September 22, 2025 — In another attack on offshore wind, the Trump administration is looking to reconsider a key permit for SouthCoast Wind, a planned 141-turbine project off the Massachusetts coast.
The move comes a week after it revoked the same permit for a proposed wind farm near Maryland, and represents the latest escalation in the administration’s attempt to kneecap the offshore wind industry. Already, the multi-agency effort has resulted in frozen federal permits, restrictions on where wind farms can be built, and new reviews of existing regulations to make sure they they “align with America’s energy priorities under President Donald J. Trump.”
On Thursday, the government filed a motion in U.S. District Court in Washington D.C. to take back its approval of the SouthCoast Wind project’s “construction and operations plan,” or COP. The COP is the last major federal permit an offshore wind project needs before it can start putting turbines in the water.
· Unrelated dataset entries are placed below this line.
(* For $A$ and $B$ as in the setting, the following decomposition formulae hold: \[ e^{A+B} = e^{dcl_{A}(B)}e^{A} + O(\| B \|^2), \qquad e^{A+B} = e^{A} e^{dcr_{A}(B)} + O(\| B \|^2). \] Additionally, if $A$ satisfies $e^{a_j - a_k} \neq 1$ for all $j \neq k$, the following composition formulae hold: \[ e^{B} e^{A} = e^{A + cml_{A}(B)} + O(\| B \|^2), \qquad e^{A} e^{B} = e^{A + cmr_{A}(B)} + O(\| B \|^2), \] where $\| \cdot \|$ denotes the Frobenius norm.
   Context: Let $A, B \in \mathbb{C}^{m \times m}$ be square complex matrices, with $B$ a (sufficiently small) perturbation. Suppose that $A$ is diagonalizable (not necessarily unitarily diagonalizable), and let $A=\sum_i a_i P_i$ be its spectral decomposition, where $a_i$ are the distinct eigenvalues ($a_i \neq a_j$ if $i\neq j$) and $P_i$ are projections satisfying $P_i P_j = \delta_{ij} P_i$ and $\sum_j P_j = I_m$. Define complex numbers $\ell_{jk}(A) := 1$ if $j=k$ and $\ell_{jk}(A) := (e^{a_j - a_k} -1)/(a_j - a_k)$ if $j\neq k$. For any $X \in \mathbb{C}^{m \times m}$ define the linear maps $dcl_{A}(X) := \sum_{j,k} \ell_{jk}(A) P_j X P_k$, $dcr_{A}(X) := \sum_{j,k} \ell_{kj}(A) P_j X P_k$, $cml_{A}(X) := \sum_{j,k} \frac{1}{\ell_{jk}(A)} P_j X P_k$, $cmr_{A}(X) := \sum_{j,k} \frac{1}{\ell_{kj}(A)} P_j X P_k$. *)

theory Defs
  imports "HOL-Analysis.Analysis"
begin

text \<open>Square complex matrices of size m are modelled as complex^'m^'m (HOL-Analysis),
  with matrix product (**), identity (mat 1); the norm on this type is the
  Euclidean norm of all entries, i.e. the Frobenius norm.\<close>

definition cscale :: "complex \<Rightarrow> complex^'m^'n \<Rightarrow> complex^'m^'n" where
  "cscale c M = (\<chi> i j. c * M $ i $ j)"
The Bureau of Ocean Energy Management had approved SouthCoast’s COP on Jan. 17, 2025, three days before President Trump’s second term began.
“Based on its review to date, BOEM has determined that the COP approval may not have fully complied with the law regulating the use of federal waters over the outer continental shelf,” the government wrote. “That is reason enough to grant a remand.”
In a statement, SouthCoast Wind said the company “intends to vigorously defend our permits in federal court.”